= Task =
The line that contains "by (rule measurable_compose_countable'[where" marks the end: retype the data below exactly from its first line through that line.

####################

lemma rbar_round_sum_measurable:
  assumes "\<And>a. a < N \<Longrightarrow> sets (p a) = sets borel" and "finite \<Theta>" and "\<And>\<tau>. Ths \<tau> \<subseteq> \<Theta>"
  shows "(\<lambda>\<omega>. \<Sum>a\<in>A. rbar_round \<gamma> prio Ths t \<omega> a) \<in> borel_measurable (cl_space N p)"
proof -
  have histories: "countable {h. set h \<subseteq> arg_min_on prio ` Pow \<Theta> \<and> length h = t - 1}"
    using assms(2) by (intro countable_finite finite_lists_length_eq) auto
  have "(\<lambda>\<omega>. \<Sum>a\<in>A. rbar \<gamma> (fst \<omega>) (snd \<omega>) (hist \<gamma> prio Ths (fst \<omega>) (snd \<omega>) (t - 1)) t a)
      \<in> borel_measurable (cl_space N p)"
    by (rule measurable_compose_countable'[where f="\<lambda>h \<omega>. \<Sum>a\<in>A. rbar \<gamma> (fst \<omega>) (snd \<omega>) h t a",
          OF _ hist_measurable[OF assms] histories])
      (intro borel_measurable_sum rbar_measurable[OF assms(1)])
  then show ?thesis
    unfolding rbar_round_def by simp
qed

lemma noise_ge_times_good_tables_subset:
  assumes "0 < \<gamma>" and "1 \<le> 4 * ln (real t)" and "\<And>a. a \<in> A \<Longrightarrow> mean_rew p a \<le> 1"
  shows "{w \<in> space noise_space. sqrt (4 / \<gamma>) \<le> w t} \<times> good_tables N p A t
           \<subseteq> {\<omega> \<in> space (cl_space N p).
                (\<Sum>a\<in>A. mean_rew p a) \<le> (\<Sum>a\<in>A. rbar_round \<gamma> prio Ths t \<omega> a)}"
proof clarify
  fix w X
  assume w: "w \<in> space noise_space" "sqrt (4 / \<gamma>) \<le> w t" and X: "X \<in> good_tables N p A t"
  define h where "h = hist \<gamma> prio Ths w X (t - 1)"
  have "t \<noteq> 0"
    using assms(2) by (rule contrapos_pn) simp
  then have "cnt h a < t" for a
    using length_filter_le[of "\<lambda>A. a \<in> A" h] by (simp add: cnt_def h_def)
  then have "(\<Sum>a\<in>A. mean_rew p a) \<le> (\<Sum>a\<in>A. rbar \<gamma> w X h t a)"
    using X assms by (intro sum_mono le_rbar_of_conf_rad w(2)) (auto simp: good_tables_def)
  moreover have "(w, X) \<in> space (cl_space N p)"
    using w(1) X by (simp add: cl_space_eq_pair_measure space_pair_measure good_tables_def)
  ultimately show "(w, X) \<in> space (cl_space N p) \<and>
      (\<Sum>a\<in>A. mean_rew p a) \<le> (\<Sum>a\<in>A. rbar_round \<gamma> prio Ths t (w, X) a)"
    by (simp add: rbar_round_def h_def)
qed
(* Let $Y$ be a real normed space and let $X\subseteq Y$ be a non-empty compact set which is uniquely remotal with respect to $\mathrm{conv}(X)$. Then $X$ is a singleton.
   Context: A non-empty set $C$ in a normed space $S$ is said to be uniquely remotal with respect to a set $D\subseteq S$ if, for each $y\in D$, there exists a unique $x\in C$ such that $\|x-y\|=\sup_{u\in C}\|u-y\|$. Here $\mathrm{conv}(X)$ denotes the convex hull of $X$. *)

theory Defs
  imports "HOL-Analysis.Analysis"
begin

definition uniquely_remotal :: "'a::real_normed_vector set \<Rightarrow> 'a set \<Rightarrow> bool" where
  "uniquely_remotal C D \<longleftrightarrow> C \<noteq> {} \<and>
     (\<forall>y\<in>D. \<exists>!x. x \<in> C \<and> norm (x - y) = (SUP u\<in>C. norm (u - y)))"

end

theory Submission
  imports Defs
begin

text \<open>Let \<open>r y\<close> be the distance from \<open>y\<close> to the farthest point of \<open>X\<close>. Being 1-Lipschitz,
  \<open>r\<close> attains a minimum at some \<open>y\<close> on the convex hull of a finite \<open>\<epsilon>\<close>-net \<open>S\<close> of \<open>X\<close>.
  Let \<open>p\<close> be the unique farthest point from \<open>y\<close> and \<open>s \<in> S\<close> with \<open>\<parallel>s - p\<parallel> < \<epsilon>\<close>.
  Moving \<open>y\<close> slightly towards \<open>s\<close> must decrease \<open>r\<close>, contradicting minimality: otherwise
  every farthest point of a moved centre is at distance at least \<open>r y\<close> from \<open>s\<close>, so it lies in
  the compact set \<open>K = {q \<in> X. \<parallel>q - p\<parallel> \<ge> r y - \<parallel>s - p\<parallel>}\<close>, which misses \<open>p\<close> once
  \<open>\<epsilon> \<le> r y\<close>. By uniqueness of \<open>p\<close>, the points of \<open>K\<close> are uniformly closer to \<open>y\<close> than
  \<open>r y\<close>, and for a small enough move the triangle inequality would push \<open>r\<close> below \<open>r y\<close>.
  If \<open>X\<close> has two points \<open>a \<noteq> b\<close>, then \<open>r \<ge> \<parallel>a - b\<parallel> / 2\<close> everywhere, which is the
  choice of \<open>\<epsilon>\<close>.\<close>

definition farthest_dist :: "'a::real_normed_vector set \<Rightarrow> 'a \<Rightarrow> real" where
  "farthest_dist X y = (SUP u\<in>X. norm (u - y))"

lemma bdd_above_norm_diff_image:
  "bounded X \<Longrightarrow> bdd_above ((\<lambda>u. norm (u - y)) ` X)"
  by (metis bounded_imp_bdd_above bounded_norm_comp bounded_translation_minus)

lemma norm_diff_le_farthest_dist:
  "bounded X \<Longrightarrow> u \<in> X \<Longrightarrow> norm (u - y) \<le> farthest_dist X y"
  unfolding farthest_dist_def by (rule cSUP_upper[OF _ bdd_above_norm_diff_image])

lemma farthest_dist_le_add_norm:
  assumes "X \<noteq> {}" "bounded X"
  shows "farthest_dist X z \<le> farthest_dist X y + norm (y - z)"
  unfolding farthest_dist_def
proof (rule cSUP_least[OF assms(1)])
  fix u assume "u \<in> X"
  have "norm (u - z) \<le> norm (u - y) + norm (y - z)"
    using norm_triangle_ineq[of "u - y" "y - z"] by simp
  also have "\<dots> \<le> (SUP u\<in>X. norm (u - y)) + norm (y - z)"
    using norm_diff_le_farthest_dist[OF assms(2) \<open>u \<in> X\<close>] by (simp add: farthest_dist_def)
  finally show "norm (u - z) \<le> (SUP u\<in>X. norm (u - y)) + norm (y - z)" .
qed

lemma lipschitz_on_farthest_dist:
  assumes "X \<noteq> {}" "bounded X"
  shows "1-lipschitz_on A (farthest_dist X)"
proof (rule lipschitz_onI)
  fix y z
  show "dist (farthest_dist X y) (farthest_dist X z) \<le> 1 * dist y z"
    using farthest_dist_le_add_norm[OF assms, of y z] farthest_dist_le_add_norm[OF assms, of z y]
    by (simp add: dist_real_def dist_norm norm_minus_commute abs_le_iff)
qed simp

lemma continuous_on_farthest_dist:
  "X \<noteq> {} \<Longrightarrow> bounded X \<Longrightarrow> continuous_on A (farthest_dist X)"
  using lipschitz_on_continuous_on lipschitz_on_farthest_dist by blast

lemma compact_farthest_point_exists:
  assumes "compact X" "X \<noteq> {}"
  obtains x where "x \<in> X" "norm (x - y) = farthest_dist X y"
proof -
  have "continuous_on X (\<lambda>u. norm (u - y))"
    by (intro continuous_intros)
  then obtain x where x: "x \<in> X" "\<And>u. u \<in> X \<Longrightarrow> norm (u - y) \<le> norm (x - y)"
    using continuous_attains_sup[OF assms] by blast
  then have "farthest_dist X y = norm (x - y)"
    unfolding farthest_dist_def by (auto intro!: cSup_eq_maximum)
  with x that show ?thesis by simp
qed

lemma norm_diff_le_two_farthest_dist:
  assumes "bounded X" "a \<in> X" "b \<in> X"
  shows "norm (a - b) \<le> 2 * farthest_dist X y"
  using norm_triangle_ineq4[of "a - y" "b - y"]
    norm_diff_le_farthest_dist[OF assms(1,2), of y] norm_diff_le_farthest_dist[OF assms(1,3), of y]
  by simp

lemma norm_diff_convex_comb_le:
  fixes q y s :: "'a::real_normed_vector"
  assumes "0 \<le> t" "t \<le> 1" "norm (q - y) \<le> m" "norm (q - s) \<le> M"
  shows "norm (q - ((1 - t) *\<^sub>R y + t *\<^sub>R s)) \<le> (1 - t) * m + t * M"
proof -
  have "q - ((1 - t) *\<^sub>R y + t *\<^sub>R s) = (1 - t) *\<^sub>R (q - y) + t *\<^sub>R (q - s)"
    by (simp add: algebra_simps)
  then have "norm (q - ((1 - t) *\<^sub>R y + t *\<^sub>R s)) \<le> (1 - t) * norm (q - y) + t * norm (q - s)"
    using norm_triangle_ineq[of "(1 - t) *\<^sub>R (q - y)" "t *\<^sub>R (q - s)"] assms(1,2) by simp
  also have "\<dots> \<le> (1 - t) * m + t * M"
    using assms by (intro add_mono mult_left_mono) auto
  finally show ?thesis .
qed

lemma far_from_convex_comb_imp_far_from_endpoint:
  fixes q y s :: "'a::real_normed_vector"
  assumes "0 < t" "t \<le> 1" "norm (q - y) \<le> R" "R \<le> norm (q - ((1 - t) *\<^sub>R y + t *\<^sub>R s))"
  shows "R \<le> norm (q - s)"
proof -
  have "R \<le> (1 - t) * R + t * norm (q - s)"
    using assms norm_diff_convex_comb_le[of t q y R s "norm (q - s)"] by linarith
  then have "t * R \<le> t * norm (q - s)" by (simp add: algebra_simps)
  with \<open>0 < t\<close> show ?thesis by simp
qed

lemma far_from_convex_comb_imp_far_from_near_point:
  assumes "bounded X" "0 < t" "t \<le> 1" "q \<in> X"
    and "farthest_dist X y \<le> norm (q - ((1 - t) *\<^sub>R y + t *\<^sub>R s))"
  shows "farthest_dist X y - norm (s - p) \<le> norm (q - p)"
proof -
  have "farthest_dist X y \<le> norm (q - s)"
    using far_from_convex_comb_imp_far_from_endpoint[OF assms(2,3)] assms(5)
      norm_diff_le_farthest_dist[OF assms(1,4)] by blast
  then show ?thesis
    using norm_triangle_ineq[of "q - p" "p - s"] by (simp add: norm_minus_commute)
qed

lemma convex_comb_lt_for_small_weight:
  fixes m M R :: real
  assumes "m < R"
  obtains t where "0 < t" "t \<le> 1" "(1 - t) * m + t * M < R"
proof -
  have "((\<lambda>t. (1 - t) * m + t * M) \<longlongrightarrow> m) (at_right 0)"
    by (auto intro!: tendsto_eq_intros)
  then have "\<forall>\<^sub>F t in at_right 0. (1 - t) * m + t * M < R"
    using assms by (rule order_tendstoD)
  moreover have "\<forall>\<^sub>F t in at_right (0::real). 0 < t \<and> t \<le> 1"
    by (auto simp: eventually_at_right_field intro: exI[of _ 1])
  ultimately have "\<forall>\<^sub>F t in at_right 0. 0 < t \<and> t \<le> 1 \<and> (1 - t) * m + t * M < R"
    by eventually_elim simp
  with that show ?thesis
    using eventually_happens'[OF trivial_limit_at_right_real] by blast
qed

lemma unique_farthest_point_imp_descent:
  fixes X :: "'a::real_normed_vector set"
  assumes "compact X" and p: "p \<in> X" "norm (p - y) = farthest_dist X y"
    and p_unique: "\<forall>x\<in>X. norm (x - y) = farthest_dist X y \<longrightarrow> x = p"
    and s_near_p: "norm (s - p) < farthest_dist X y"
  obtains t where "0 < t" "t \<le> 1"
    "farthest_dist X ((1 - t) *\<^sub>R y + t *\<^sub>R s) < farthest_dist X y"
proof (rule ccontr)
  assume no_descent: "\<not> thesis"
  note descent = that
  define R where "R = farthest_dist X y"
  define c where "c t = (1 - t) *\<^sub>R y + t *\<^sub>R s" for t
  have R_le: "R \<le> farthest_dist X (c t)" if "0 < t" "t \<le> 1" for t
    using descent[OF that] no_descent unfolding R_def c_def by force
  have "bounded X" "X \<noteq> {}"
    using \<open>compact X\<close> p(1) by (auto intro: compact_imp_bounded)
  define K where "K = X \<inter> {q. R - norm (s - p) \<le> norm (q - p)}"
  have far_in_K: "q \<in> K"
    if t: "0 < t" "t \<le> 1" and q: "q \<in> X" "norm (q - c t) = farthest_dist X (c t)" for t q
    using far_from_convex_comb_imp_far_from_near_point[OF \<open>bounded X\<close> t q(1), of y s p]
      R_le[OF t] q unfolding K_def R_def c_def by simp
  have "compact K"
    unfolding K_def by (intro compact_Int_closed \<open>compact X\<close> closed_Collect_le continuous_intros)
  obtain q1 where "q1 \<in> X" "norm (q1 - c 1) = farthest_dist X (c 1)"
    using compact_farthest_point_exists[OF \<open>compact X\<close> \<open>X \<noteq> {}\<close>] by blast
  then have "K \<noteq> {}"
    using far_in_K[of 1 q1] by auto
  moreover have "continuous_on K (\<lambda>q. norm (q - y))"
    by (intro continuous_intros)
  ultimately obtain k where k: "k \<in> K" and k_max: "\<And>q. q \<in> K \<Longrightarrow> norm (q - y) \<le> norm (k - y)"
    using continuous_attains_sup[OF \<open>compact K\<close>] by blast
  define m where "m = norm (k - y)"
  have "k \<noteq> p"
    using k s_near_p by (auto simp: K_def R_def)
  then have "m < R"
    using k p_unique norm_diff_le_farthest_dist[OF \<open>bounded X\<close>, of k y]
    by (force simp: K_def m_def R_def)
  then obtain t where t: "0 < t" "t \<le> 1" and small: "(1 - t) * m + t * (R + norm (y - s)) < R"
    by (rule convex_comb_lt_for_small_weight)
  obtain q where q: "q \<in> X" "norm (q - c t) = farthest_dist X (c t)"
    using compact_farthest_point_exists[OF \<open>compact X\<close> \<open>X \<noteq> {}\<close>] by blast
  have "norm (q - y) \<le> m"
    using k_max[OF far_in_K[OF t q]] by (simp add: m_def)
  moreover have "norm (q - s) \<le> R + norm (y - s)"
    using norm_triangle_ineq[of "q - y" "y - s"] norm_diff_le_farthest_dist[OF \<open>bounded X\<close> q(1), of y]
    by (simp add: R_def)
  ultimately have "norm (q - c t) \<le> (1 - t) * m + t * (R + norm (y - s))"
    unfolding c_def using t by (intro norm_diff_convex_comb_le) auto
  then show False
    using R_le[OF t] q(2) small by linarith
qed

theorem theorem1p1:
  fixes X :: "'a::real_normed_vector set"
  assumes "X \<noteq> {}" and "compact X"
    and "uniquely_remotal X (convex hull X)"
  shows "\<exists>x. X = {x}"
proof (rule ccontr)
  assume "\<nexists>x. X = {x}"
  then obtain a b where ab: "a \<in> X" "b \<in> X" "a \<noteq> b"
    using assms(1) by blast
  have "bounded X"
    using assms(2) by (rule compact_imp_bounded)
  define \<epsilon> where "\<epsilon> = norm (a - b) / 2"
  have "\<epsilon> > 0"
    using ab by (simp add: \<epsilon>_def)
  then obtain S where S: "S \<subseteq> X" "finite S" "X \<subseteq> (\<Union>c\<in>S. ball c \<epsilon>)"
    using compactE_image[OF assms(2), of X "\<lambda>c. ball c \<epsilon>"] by force
  obtain y where y: "y \<in> convex hull S"
    and y_min: "\<And>z. z \<in> convex hull S \<Longrightarrow> farthest_dist X y \<le> farthest_dist X z"
    using continuous_attains_inf[OF finite_imp_compact_convex_hull[OF S(2)] _
        continuous_on_farthest_dist[OF assms(1) \<open>bounded X\<close>]] S(3) assms(1) by auto
  have "y \<in> convex hull X"
    using y hull_mono[OF S(1)] by blast
  then obtain p where p: "p \<in> X" "norm (p - y) = farthest_dist X y"
    and p_unique: "\<forall>x\<in>X. norm (x - y) = farthest_dist X y \<longrightarrow> x = p"
    using assms(3) unfolding uniquely_remotal_def farthest_dist_def[symmetric] by metis
  obtain s where s: "s \<in> S" "dist s p < \<epsilon>"
    using S(3) p(1) by (auto simp: dist_commute)
  have "norm (s - p) < farthest_dist X y"
    using s(2) norm_diff_le_two_farthest_dist[OF \<open>bounded X\<close> ab(1,2), of y]
    by (simp add: \<epsilon>_def dist_norm)
  then obtain t where "0 < t" "t \<le> 1"
    and descent: "farthest_dist X ((1 - t) *\<^sub>R y + t *\<^sub>R s) < farthest_dist X y"
    by (rule unique_farthest_point_imp_descent[OF assms(2) p p_unique])
  then have "(1 - t) *\<^sub>R y + t *\<^sub>R s \<in> convex hull S"
    using convexD[OF convex_convex_hull y hull_inc[OF s(1)]] by simp
  with descent y_min show False
    by fastforce
qed

end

####################

= Your response =
lemma rbar_round_sum_measurable:
  assumes "\<And>a. a < N \<Longrightarrow> sets (p a) = sets borel" and "finite \<Theta>" and "\<And>\<tau>. Ths \<tau> \<subseteq> \<Theta>"
  shows "(\<lambda>\<omega>. \<Sum>a\<in>A. rbar_round \<gamma> prio Ths t \<omega> a) \<in> borel_measurable (cl_space N p)"
proof -
  have histories: "countable {h. set h \<subseteq> arg_min_on prio ` Pow \<Theta> \<and> length h = t - 1}"
    using assms(2) by (intro countable_finite finite_lists_length_eq) auto
  have "(\<lambda>\<omega>. \<Sum>a\<in>A. rbar \<gamma> (fst \<omega>) (snd \<omega>) (hist \<gamma> prio Ths (fst \<omega>) (snd \<omega>) (t - 1)) t a)
      \<in> borel_measurable (cl_space N p)"
    by (rule measurable_compose_countable'[where f="\<lambda>h \<omega>. \<Sum>a\<in>A. rbar \<gamma> (fst \<omega>) (snd \<omega>) h t a",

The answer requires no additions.